▶ Exercise aim
In the entries that follow, the line with "by (induction rule: sga_reach.induct) auto" opens the range and the line with "(if differentiates a T \<and>" closes it; repeat that range exactly, both lines included.

▶ Records for the exercise
###

(* There is a function $g(n)=O(\ln\ln n)$ such that for every positive integer $r$ and every feasible instance $(S,\mathcal T)$ of test set with redundancy $r$ with $|S|=n$, every $r$-test set $\mathcal T'$ returned by the set cover greedy algorithm SGA (with any tie-breaking) satisfies $$|\mathcal T'|\le \Big(\big(2-\tfrac{1}{2r}\big)\ln n+\tfrac{3}{2}\ln r+g(n)\Big)\, m^*,$$ where $m^*$ is the minimum cardinality of an $r$-test set of $S$ contained in $\mathcal T$. That is, the approximation ratio of SGA for test set with redundancy $r$ can be $(2-\frac{1}{2r})\ln n+\frac{3}{2}\ln r+O(\ln\ln n)$.
   Context: Test set with redundancy $r\in\mathbb Z^+$: the input is a finite set of items $S$ with $|S|=n$ and a collection $\mathcal T$ of subsets of $S$ (called tests); it is assumed that there are no two tests $T_1,T_2\in\mathcal T$ with $T_1=S-T_2$. An item pair is a set $\{i,j\}$ of two different items of $S$. A test $T$ differentiates an item pair $a$ (written $a\perp T$) if $|T\cap a|=1$; for a family $\mathcal F$ of tests, $\perp(a,\mathcal F)$ denotes the number of tests in $\mathcal F$ that differentiate $a$. A family $\mathcal T'\subseteq\mathcal T$ is an $r$-test set of $S$ if every item pair is differentiated by at least $r$ different tests of $\mathcal T'$; the goal is to find an $r$-test set of minimum cardinality (the instance is feasible if some $r$-test set exists). For a family $\bar{\mathcal T}\subseteq\mathcal T$ (a partial $r$-test set) define the differentiation measure $\#(\bar{\mathcal T})=\sum_a\max(r-\perp(a,\bar{\mathcal T}),0)$, the sum over all item pairs $a$. The set cover greedy algorithm SGA: start with $\bar{\mathcal T}=\varnothing$; while $\#(\bar{\mathcal T})>0$, select a test $T\in\mathcal T-\bar{\mathcal T}$ minimizing $\#(\bar{\mathcal T}\cup\{T\})$ and set $\bar{\mathcal T}\leftarrow\bar{\mathcal T}\cup\{T\}$; return $\bar{\mathcal T}$. *)

theory Defs
  imports Complex_Main "HOL-Library.Landau_Symbols"
begin

definition item_pairs :: "'a set \<Rightarrow> 'a set set" where
  "item_pairs S = {a. a \<subseteq> S \<and> card a = 2}"

definition differentiates :: "'a set \<Rightarrow> 'a set \<Rightarrow> bool" where
  "differentiates a T \<longleftrightarrow> card (T \<inter> a) = 1"

definition num_diff :: "'a set \<Rightarrow> 'a set set \<Rightarrow> nat" where
  "num_diff a F = card {T \<in> F. differentiates a T}"

definition valid_instance :: "'a set \<Rightarrow> 'a set set \<Rightarrow> bool" where
  "valid_instance S TT \<longleftrightarrow> finite S \<and> TT \<subseteq> Pow S \<and>
     \<not> (\<exists>T1\<in>TT. \<exists>T2\<in>TT. T1 = S - T2)"

definition is_r_test_set :: "'a set \<Rightarrow> 'a set set \<Rightarrow> nat \<Rightarrow> 'a set set \<Rightarrow> bool" where
  "is_r_test_set S TT r F \<longleftrightarrow> F \<subseteq> TT \<and> (\<forall>a\<in>item_pairs S. num_diff a F \<ge> r)"

definition feasible :: "'a set \<Rightarrow> 'a set set \<Rightarrow> nat \<Rightarrow> bool" where
  "feasible S TT r \<longleftrightarrow> (\<exists>F. is_r_test_set S TT r F)"

definition opt_size :: "'a set \<Rightarrow> 'a set set \<Rightarrow> nat \<Rightarrow> nat" where
  "opt_size S TT r = (LEAST k. \<exists>F. is_r_test_set S TT r F \<and> card F = k)"

text \<open>Differentiation measure; nat subtraction gives max(r - perp, 0).\<close>
definition diff_measure :: "'a set \<Rightarrow> nat \<Rightarrow> 'a set set \<Rightarrow> nat" where
  "diff_measure S r F = (\<Sum>a\<in>item_pairs S. r - num_diff a F)"

text \<open>Partial families reachable by SGA with some tie-breaking.\<close>
inductive sga_reach :: "'a set \<Rightarrow> 'a set set \<Rightarrow> nat \<Rightarrow> 'a set set \<Rightarrow> bool"
  for S TT r where
  start: "sga_reach S TT r {}"
| step: "\<lbrakk> sga_reach S TT r F; diff_measure S r F > 0; T \<in> TT - F;
           \<forall>T'\<in>TT - F. diff_measure S r (insert T F) \<le> diff_measure S r (insert T' F) \<rbrakk>
         \<Longrightarrow> sga_reach S TT r (insert T F)"

definition sga_output :: "'a set \<Rightarrow> 'a set set \<Rightarrow> nat \<Rightarrow> 'a set set \<Rightarrow> bool" where
  "sga_output S TT r F \<longleftrightarrow> sga_reach S TT r F \<and> diff_measure S r F = 0"

end

theory Submission
  imports Defs
begin

text \<open>
Let D be the differentiation measure of the current partial solution and Q an r-test set of size m.
Counted over the pairs that are still short of r differentiations, the tests of Q supply at least D
differentiations, so the greedy test lowers D by at least D/m, as in the classical set cover
argument. A pair differentiated by more than r tests of Q supplies at least one more than it needs,
while a pair differentiated by exactly r tests of Q is determined by its smaller item and those r
tests, so there are at most n m^r such pairs. Hence, as long as D exceeds B = r n m^r ln n, the
greedy test lowers D by at least a D/m with a = 1 + (1 - 1/ln n)/r. A potential of slope m/D below B
and of slope m/(a D) above B therefore drops by at least one per greedy step, and its value at the
initial measure r n(n-1)/2 is the bound.
\<close>

lemma differentiates_pair_iff:
  assumes "u \<noteq> v"
  shows "differentiates {u, v} T \<longleftrightarrow> (u \<in> T) \<noteq> (v \<in> T)"
proof -
  have "T \<inter> {u, v} = (if u \<in> T then {u} else {}) \<union> (if v \<in> T then {v} else {})" by auto
  then show ?thesis using assms unfolding differentiates_def by (auto split: if_splits)
qed

lemma finite_item_pairs: "finite S \<Longrightarrow> finite (item_pairs S)"
  unfolding item_pairs_def by (rule finite_subset[of _ "Pow S"]) auto

lemma card_item_pairs: "finite S \<Longrightarrow> card (item_pairs S) = card S choose 2"
  unfolding item_pairs_def by (simp add: n_subsets)

lemma real_choose_two: "real (n choose 2) = real n * (real n - 1) / 2"
  by (cases n) (auto simp: choose_two field_char_0_class.of_nat_div algebra_simps)

lemma diff_measure_empty: "finite S \<Longrightarrow> diff_measure S r {} = r * (card S choose 2)"
  unfolding diff_measure_def num_diff_def by (simp add: card_item_pairs)

lemma num_diff_insert:
  assumes "finite F" "T \<notin> F"
  shows "num_diff a (insert T F) = num_diff a F + (if differentiates a T then 1 else 0)"
proof -
  have "{T' \<in> insert T F. differentiates a T'}
      = (if differentiates a T then insert T else id) {T' \<in> F. differentiates a T'}"
    by auto
  then show ?thesis using assms unfolding num_diff_def by simp
qed

lemma num_diff_le_card: "finite F \<Longrightarrow> num_diff a F \<le> card F"
  unfolding num_diff_def by (intro card_mono) auto

lemma r_le_card_if_is_r_test_set:
  assumes "is_r_test_set S TT r Q" "finite Q" "a \<in> item_pairs S"
  shows "r \<le> card Q"
  using assms num_diff_le_card[of Q a] unfolding is_r_test_set_def by force

lemma sga_reach_subset: "sga_reach S TT r F \<Longrightarrow> F \<subseteq> TT"
  by (induction rule: sga_reach.induct) auto

lemma opt_size_attained:
  assumes "feasible S TT r"
  obtains Q where "is_r_test_set S TT r Q" "card Q = opt_size S TT r"
proof -
  from assms have "\<exists>k F. is_r_test_set S TT r F \<and> card F = k" unfolding feasible_def by auto
  from LeastI_ex[OF this] show ?thesis using that unfolding opt_size_def by auto
qed

lemma sga_reach_card_le_potential:
  fixes \<phi> :: "nat \<Rightarrow> real"
  assumes "sga_reach S TT r F" "finite TT"
    and step: "\<And>F T. F \<subseteq> TT \<Longrightarrow> 0 < diff_measure S r F \<Longrightarrow> T \<in> TT - F \<Longrightarrow>
      \<forall>T'\<in>TT - F. diff_measure S r (insert T F) \<le> diff_measure S r (insert T' F) \<Longrightarrow>
      \<phi> (diff_measure S r (insert T F)) + 1 \<le> \<phi> (diff_measure S r F)"
  shows "card F + \<phi> (diff_measure S r F) \<le> \<phi> (diff_measure S r {})"
  using assms(1)
proof (induction rule: sga_reach.induct)
  case start
  then show ?case by simp
next
  case (step F T)
  have "F \<subseteq> TT" using step.hyps(1) by (rule sga_reach_subset)
  then have "card (insert T F) = card F + 1"
    using step.hyps(3) assms(2) finite_subset by fastforce
  moreover have "\<phi> (diff_measure S r (insert T F)) + 1 \<le> \<phi> (diff_measure S r F)"
    using assms(3)[OF \<open>F \<subseteq> TT\<close> step.hyps(2-4)] .
  ultimately show ?case using step.IH by simp
qed

definition gain :: "'a set \<Rightarrow> nat \<Rightarrow> 'a set set \<Rightarrow> 'a set \<Rightarrow> nat" where
  "gain S r F T = (\<Sum>a\<in>item_pairs S. if differentiates a T \<and> num_diff a F < r then 1 else 0)"

lemma diff_measure_insert:
  assumes "finite F" "T \<notin> F"
  shows "diff_measure S r F = diff_measure S r (insert T F) + gain S r F T"
proof -
  have "r - num_diff a F = (r - num_diff a (insert T F))
          + (if differentiates a T \<and> num_diff a F < r then 1 else 0)" for a
    using num_diff_insert[OF assms] by auto
  then show ?thesis unfolding diff_measure_def gain_def by (simp add: sum.distrib)
qed

definition residual_diff :: "'a set \<Rightarrow> nat \<Rightarrow> 'a set set \<Rightarrow> 'a set set \<Rightarrow> nat" where
  "residual_diff S r Q F =
     (\<Sum>a\<in>item_pairs S. if num_diff a F < r then num_diff a Q - num_diff a F else 0)"

lemma diff_measure_le_residual_diff:
  assumes "is_r_test_set S TT r Q"
  shows "diff_measure S r F \<le> residual_diff S r Q F"
  unfolding diff_measure_def residual_diff_def
proof (rule sum_mono)
  fix a assume "a \<in> item_pairs S"
  then have "r \<le> num_diff a Q" using assms unfolding is_r_test_set_def by auto
  then show "r - num_diff a F \<le> (if num_diff a F < r then num_diff a Q - num_diff a F else 0)"
    by auto
qed

lemma residual_diff_le_card_mult_gain:
  assumes "finite Q" "finite F" "Q \<subseteq> TT" "T \<in> TT - F"
    and greedy: "\<forall>T'\<in>TT - F. diff_measure S r (insert T F) \<le> diff_measure S r (insert T' F)"
  shows "residual_diff S r Q F \<le> card Q * gain S r F T"
proof -
  have gain_le: "gain S r F T' \<le> gain S r F T" if "T' \<in> Q - F" for T'
    using greedy that assms(3,4) diff_measure_insert[OF \<open>finite F\<close>, of T S r]
      diff_measure_insert[OF \<open>finite F\<close>, of T' S r] by force
  have num_diff_le: "num_diff a Q - num_diff a F \<le> card {T' \<in> Q - F. differentiates a T'}" for a
  proof -
    have "{T' \<in> Q. differentiates a T'} \<subseteq> {T' \<in> Q - F. differentiates a T'} \<union> {T' \<in> F. differentiates a T'}"
      by auto
    then have "num_diff a Q \<le> card ({T' \<in> Q - F. differentiates a T'} \<union> {T' \<in> F. differentiates a T'})"
      unfolding num_diff_def using assms(1,2) by (intro card_mono) auto
    also have "\<dots> \<le> card {T' \<in> Q - F. differentiates a T'} + num_diff a F"
      unfolding num_diff_def by (rule card_Un_le)
    finally show ?thesis by linarith
  qed
  have "residual_diff S r Q F
      \<le> (\<Sum>a\<in>item_pairs S. \<Sum>T'\<in>Q - F. if differentiates a T' \<and> num_diff a F < r then 1 else 0)"
    unfolding residual_diff_def using num_diff_le assms(1)
    by (intro sum_mono) (simp add: sum.inter_filter[symmetric])
  also have "\<dots> = (\<Sum>T'\<in>Q - F. gain S r F T')"
    unfolding gain_def by (rule sum.swap)
  also have "\<dots> \<le> card (Q - F) * gain S r F T"
    using sum_bounded_above[of "Q - F" "gain S r F" "gain S r F T"] gain_le by simp
  also have "\<dots> \<le> card Q * gain S r F T"
    using assms(1) by (intro mult_right_mono card_mono) auto
  finally show ?thesis .
qed

definition tight_pairs :: "'a set \<Rightarrow> nat \<Rightarrow> 'a set set \<Rightarrow> 'a set set" where
  "tight_pairs S r Q = {a \<in> item_pairs S. num_diff a Q \<le> r}"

###

▶ Solution for this exercise
  by (induction rule: sga_reach.induct) auto

lemma opt_size_attained:
  assumes "feasible S TT r"
  obtains Q where "is_r_test_set S TT r Q" "card Q = opt_size S TT r"
proof -
  from assms have "\<exists>k F. is_r_test_set S TT r F \<and> card F = k" unfolding feasible_def by auto
  from LeastI_ex[OF this] show ?thesis using that unfolding opt_size_def by auto
qed

lemma sga_reach_card_le_potential:
  fixes \<phi> :: "nat \<Rightarrow> real"
  assumes "sga_reach S TT r F" "finite TT"
    and step: "\<And>F T. F \<subseteq> TT \<Longrightarrow> 0 < diff_measure S r F \<Longrightarrow> T \<in> TT - F \<Longrightarrow>
      \<forall>T'\<in>TT - F. diff_measure S r (insert T F) \<le> diff_measure S r (insert T' F) \<Longrightarrow>
      \<phi> (diff_measure S r (insert T F)) + 1 \<le> \<phi> (diff_measure S r F)"
  shows "card F + \<phi> (diff_measure S r F) \<le> \<phi> (diff_measure S r {})"
  using assms(1)
proof (induction rule: sga_reach.induct)
  case start
  then show ?case by simp
next
  case (step F T)
  have "F \<subseteq> TT" using step.hyps(1) by (rule sga_reach_subset)
  then have "card (insert T F) = card F + 1"
    using step.hyps(3) assms(2) finite_subset by fastforce
  moreover have "\<phi> (diff_measure S r (insert T F)) + 1 \<le> \<phi> (diff_measure S r F)"
    using assms(3)[OF \<open>F \<subseteq> TT\<close> step.hyps(2-4)] .
  ultimately show ?case using step.IH by simp
qed

definition gain :: "'a set \<Rightarrow> nat \<Rightarrow> 'a set set \<Rightarrow> 'a set \<Rightarrow> nat" where
  "gain S r F T = (\<Sum>a\<in>item_pairs S. if differentiates a T \<and> num_diff a F < r then 1 else 0)"

lemma diff_measure_insert:
  assumes "finite F" "T \<notin> F"
  shows "diff_measure S r F = diff_measure S r (insert T F) + gain S r F T"
proof -
  have "r - num_diff a F = (r - num_diff a (insert T F))
          + (if differentiates a T \<and> num_diff a F < r then 1 else 0)" for a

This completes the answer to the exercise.